Segment Open

(* Let $\mathcal{U}$ be a separable Banach space with dual $\mathcal{U}^*$ and duality pairing $[\cdot,\cdot]$, with quadratic norm $\|u\|^2=[\mathcal{K}^{-1}u,u]$ given by an invertible symmetric positive linear map $\mathcal{K}:\mathcal{U}^*\to\mathcal{U}$. Let $\Omega\subseteq\mathbb{R}^d$ be bounded, consider the PDE $\mathcal{P}(u)(\mathbf{x})=f(\mathbf{x})$ for $\mathbf{x}\in\Omega$, $\mathcal{B}(u)(\mathbf{x})=g(\mathbf{x})$ for $\mathbf{x}\in\partial\Omega$, and suppose (Assumption) there exist bounded linear operators $L_1,\dots,L_Q\in\mathcal{L}(\mathcal{U};C(\Omega))$ with $L_1,\dots,L_{Q_b}\in\mathcal{L}(\mathcal{U};C(\partial\Omega))$ for some $1\le Q_b\le Q$, and maps $P:\mathbb{R}^Q\to\mathbb{R}$, $B:\mathbb{R}^{Q_b}\to\mathbb{R}$ (possibly nonlinear) with $\mathcal{P}(u)(\mathbf{x})=P(L_1(u)(\mathbf{x}),\dots,L_Q(u)(\mathbf{x}))$ for $\mathbf{x}\in\Omega$ and $\mathcal{B}(u)(\mathbf{x})=B(L_1(u)(\mathbf{x}),\dots,L_{Q_b}(u)(\mathbf{x}))$ for $\mathbf{x}\in\partial\Omega$. With collocation points, $\boldsymbol{\phi}$, $N$, $\mathbf{y}$, $F$, $\Theta$ and $\chi_n$ as in the context, assume $\Theta$ is invertible. Then $u^\dagger$ is a minimizer of $$\min_{u\in\mathcal{U}}\|u\|\ \text{ s.t. }\ \mathcal{P}(u)(\mathbf{x}_m)=f(\mathbf{x}_m),\ m=1,\dots,M_\Omega;\quad \mathcal{B}(u)(\mathbf{x}_m)=g(\mathbf{x}_m),\ m=M_\Omega+1,\dots,M,$$ if and only if $u^\dagger=\sum_{n=1}^N z^\dagger_n\chi_n$ where $\mathbf{z}^\dagger$ is a minimizer of $\min_{\mathbf{z}\in\mathbb{R}^N}\mathbf{z}^T\Theta^{-1}\mathbf{z}$ subject to $F(\mathbf{z})=\mathbf{y}$.
   Context: Collocation points: $\mathbf{x}_1,\dots,\mathbf{x}_{M_\Omega}\in\Omega$, $\mathbf{x}_{M_\Omega+1},\dots,\mathbf{x}_M\in\partial\Omega$. Define $\phi^{(q)}_m=\delta_{\mathbf{x}_m}\circ L_q\in\mathcal{U}^*$ for $1\le m\le M$ if $1\le q\le Q_b$, and for $1\le m\le M_\Omega$ if $Q_b<q\le Q$; let $\boldsymbol{\phi}^{(q)}$ be the vector of the $\phi^{(q)}_m$ and $\boldsymbol{\phi}=(\boldsymbol{\phi}^{(1)},\dots,\boldsymbol{\phi}^{(Q)})\in(\mathcal{U}^* )^{N}$ with $N=MQ_b+M_\Omega(Q-Q_b)$. $\mathbf{y}\in\mathbb{R}^M$ has $y_m=f(\mathbf{x}_m)$ for $m\le M_\Omega$ and $y_m=g(\mathbf{x}_m)$ for $m>M_\Omega$. $F:\mathbb{R}^N\to\mathbb{R}^M$ is defined by $(F([\boldsymbol{\phi},u]))_m=P([\phi^{(1)}_m,u],\dots,[\phi^{(Q)}_m,u])$ for $m\le M_\Omega$ and $=B([\phi^{(1)}_m,u],\dots,[\phi^{(Q_b)}_m,u])$ for $m>M_\Omega$ (i.e. $F$ acts on $\mathbf{z}\in\mathbb{R}^N$ with entries indexed like $\boldsymbol{\phi}$). $\Theta_{i,n}=[\phi_i,\mathcal{K}\phi_n]$ where $\phi_i$ are the entries of $\boldsymbol{\phi}$, and the gamblets are $\chi_i=\sum_{n=1}^N(\Theta^{-1})_{i,n}\mathcal{K}\phi_n$. The constraints of the minimization problem are thus equivalent to $F([\boldsymbol{\phi},u])=\mathbf{y}$. *)

theory Defs
  imports "HOL-Analysis.Analysis"
begin
lemma cmod_inner_funpow_le:
  assumes x: "x \<in> hcarrier H" and y: "y \<in> hcarrier H"
  shows "cmod (hip H ((T ^^ j) x) ((T ^^ j) y)) \<le> (opnorm H (T ^^ j))\<^sup>2 * (hnorm H x * hnorm H y)"
proof -
  have "cmod (hip H ((T ^^ j) x) ((T ^^ j) y)) \<le> hnorm H ((T ^^ j) x) * hnorm H ((T ^^ j) y)"
    using x y by (simp add: hnorm_cauchy_schwarz)
  also have "\<dots> \<le> (opnorm H (T ^^ j) * hnorm H x) * (opnorm H (T ^^ j) * hnorm H y)"
    using hnorm_apply_le_opnorm[OF bounded_op_funpow[OF bounded_T]] x y
      order_trans[OF hnorm_nonneg[OF funpow_closed[OF x]] hnorm_apply_le_opnorm[OF bounded_op_funpow[OF bounded_T] x]]
    by (intro mult_mono) simp_all
  finally show ?thesis by (simp add: power2_eq_square mult_ac)
qed

definition defect_form :: "'a \<Rightarrow> 'a \<Rightarrow> complex" where
  "defect_form x y = (\<Sum>j. complex_of_real (c j) * hip H ((T ^^ j) x) ((T ^^ j) y))"

lemma defect_term_le:
  assumes "x \<in> hcarrier H" and "y \<in> hcarrier H"
  shows "cmod (complex_of_real (c j) * hip H ((T ^^ j) x) ((T ^^ j) y))
    \<le> a j * (opnorm H (T ^^ j))\<^sup>2 * (hnorm H x * hnorm H y)"
  using abs_defect_coeff_le[OF alpha_nonneg, of j] cmod_inner_funpow_le[OF assms, of j]
  by (simp add: norm_mult mult.assoc mult_mono)

lemma defect_form_sums:
  assumes "x \<in> hcarrier H" and "y \<in> hcarrier H"
  shows "(\<lambda>j. complex_of_real (c j) * hip H ((T ^^ j) x) ((T ^^ j) y)) sums defect_form x y"
  unfolding defect_form_def using defect_term_le[OF assms]
  by (intro summable_sums summable_comparison_test'[OF summable_mult2[OF summable_kernel_opnorm,
        of "hnorm H x * hnorm H y"]]) simp

lemma defect_form_self:
  assumes x: "x \<in> hcarrier H"
  shows "defect_form x x = complex_of_real (\<Sum>j. c j * (hnorm H ((T ^^ j) x))\<^sup>2)"
proof -
  have "(\<lambda>j. complex_of_real (c j * (hnorm H ((T ^^ j) x))\<^sup>2)) sums defect_form x x"
    using defect_form_sums[OF x x] x by (simp add: inner_self_eq_hnorm_sq)
  moreover from this have "summable (\<lambda>j. c j * (hnorm H ((T ^^ j) x))\<^sup>2)"
    using sums_summable summable_complex_of_real by blast
  ultimately show ?thesis by (metis sums_of_real sums_unique2 summable_sums)
qed

text \<open>\<open>defect_form x x = \<parallel>x\<parallel>\<^sup>2 - \<Sum>\<^sub>j\<^sub>\<ge>\<^sub>1 |c j| \<parallel>T\<^sup>j x\<parallel>\<^sup>2\<close>,
  where the subtracted series is dominated by \<open>\<Sum>\<^sub>j\<^sub>\<ge>\<^sub>1 a j \<parallel>T\<^sup>j\<parallel>\<^sup>2 \<parallel>x\<parallel>\<^sup>2 \<le> \<parallel>x\<parallel>\<^sup>2\<close>:
  this is where the hypothesis on the operator norms enters.\<close>

lemma defect_form_self_bounds:
  assumes x: "x \<in> hcarrier H"
  shows "0 \<le> Re (defect_form x x)" and "Re (defect_form x x) \<le> (hnorm H x)\<^sup>2"
proof -
  define r where "r j = c j * (hnorm H ((T ^^ j) x))\<^sup>2" for j
  define b where "b s = a (Suc s) * (opnorm H (T ^^ Suc s))\<^sup>2 * (hnorm H x)\<^sup>2" for s
  have "(\<lambda>j. complex_of_real (r j)) sums defect_form x x"
    using defect_form_sums[OF x x] x by (simp add: r_def inner_self_eq_hnorm_sq)
  then have summable_r: "summable r" using sums_summable summable_complex_of_real by blast
  then have summable_r_Suc: "summable (\<lambda>s. r (Suc s))" by (simp add: summable_Suc_iff)
  have summable_b: "summable b"
    unfolding b_def by (intro summable_mult2 summable_kernel_opnorm_Suc)
  have re: "Re (defect_form x x) = (hnorm H x)\<^sup>2 + (\<Sum>s. r (Suc s))"
  proof -
    have "r 0 = (hnorm H x)\<^sup>2" by (simp add: r_def)
    then show ?thesis using defect_form_self[OF x, folded r_def] suminf_split_head[OF summable_r] by simp
  qed
  have "r (Suc s) \<le> 0" for s
    unfolding r_def using defect_coeff_nonpos[OF alpha_nonneg, of "Suc s"] by (simp add: mult_nonpos_nonneg)
  then have "(\<Sum>s. r (Suc s)) \<le> 0" using suminf_le[OF _ summable_r_Suc summable_zero] by simp
  have "- b s \<le> r (Suc s)" for s
  proof -
    have "\<bar>r (Suc s)\<bar> = cmod (complex_of_real (c (Suc s)) * hip H ((T ^^ Suc s) x) ((T ^^ Suc s) x))"
      unfolding r_def using x by (simp add: inner_self_eq_hnorm_sq norm_mult abs_mult norm_power del: funpow.simps)
    also have "\<dots> \<le> b s"
      unfolding b_def using defect_term_le[OF x x, of "Suc s"] by (simp add: power2_eq_square del: funpow.simps)
    finally show ?thesis by simp
  qed
  then have "- (\<Sum>s. b s) \<le> (\<Sum>s. r (Suc s))"
    using suminf_le[OF _ summable_minus[OF summable_b] summable_r_Suc] by (simp add: suminf_minus[OF summable_b])
  moreover have "(\<Sum>s. b s) \<le> (hnorm H x)\<^sup>2"
    using mult_right_mono[OF sum_kernel_opnorm_Suc_le, of "(hnorm H x)\<^sup>2"]
    unfolding b_def suminf_mult2[OF summable_kernel_opnorm_Suc, symmetric] by simp
  ultimately show "0 \<le> Re (defect_form x x)" and "Re (defect_form x x) \<le> (hnorm H x)\<^sup>2"
    using re \<open>(\<Sum>s. r (Suc s)) \<le> 0\<close> by linarith+
qed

Segment Closed

Exercise brief -
Everything from the line with "unfolding r_def using defect_coeff_nonpos[OF" to the last line of the entries above is to be retyped exactly. Include both ends.

Problem solution -
    unfolding r_def using defect_coeff_nonpos[OF alpha_nonneg, of "Suc s"] by (simp add: mult_nonpos_nonneg)
  then have "(\<Sum>s. r (Suc s)) \<le> 0" using suminf_le[OF _ summable_r_Suc summable_zero] by simp
  have "- b s \<le> r (Suc s)" for s
  proof -
    have "\<bar>r (Suc s)\<bar> = cmod (complex_of_real (c (Suc s)) * hip H ((T ^^ Suc s) x) ((T ^^ Suc s) x))"
      unfolding r_def using x by (simp add: inner_self_eq_hnorm_sq norm_mult abs_mult norm_power del: funpow.simps)
    also have "\<dots> \<le> b s"
      unfolding b_def using defect_term_le[OF x x, of "Suc s"] by (simp add: power2_eq_square del: funpow.simps)
    finally show ?thesis by simp
  qed
  then have "- (\<Sum>s. b s) \<le> (\<Sum>s. r (Suc s))"
    using suminf_le[OF _ summable_minus[OF summable_b] summable_r_Suc] by (simp add: suminf_minus[OF summable_b])
  moreover have "(\<Sum>s. b s) \<le> (hnorm H x)\<^sup>2"
    using mult_right_mono[OF sum_kernel_opnorm_Suc_le, of "(hnorm H x)\<^sup>2"]
    unfolding b_def suminf_mult2[OF summable_kernel_opnorm_Suc, symmetric] by simp
  ultimately show "0 \<le> Re (defect_form x x)" and "Re (defect_form x x) \<le> (hnorm H x)\<^sup>2"
    using re \<open>(\<Sum>s. r (Suc s)) \<le> 0\<close> by linarith+
qed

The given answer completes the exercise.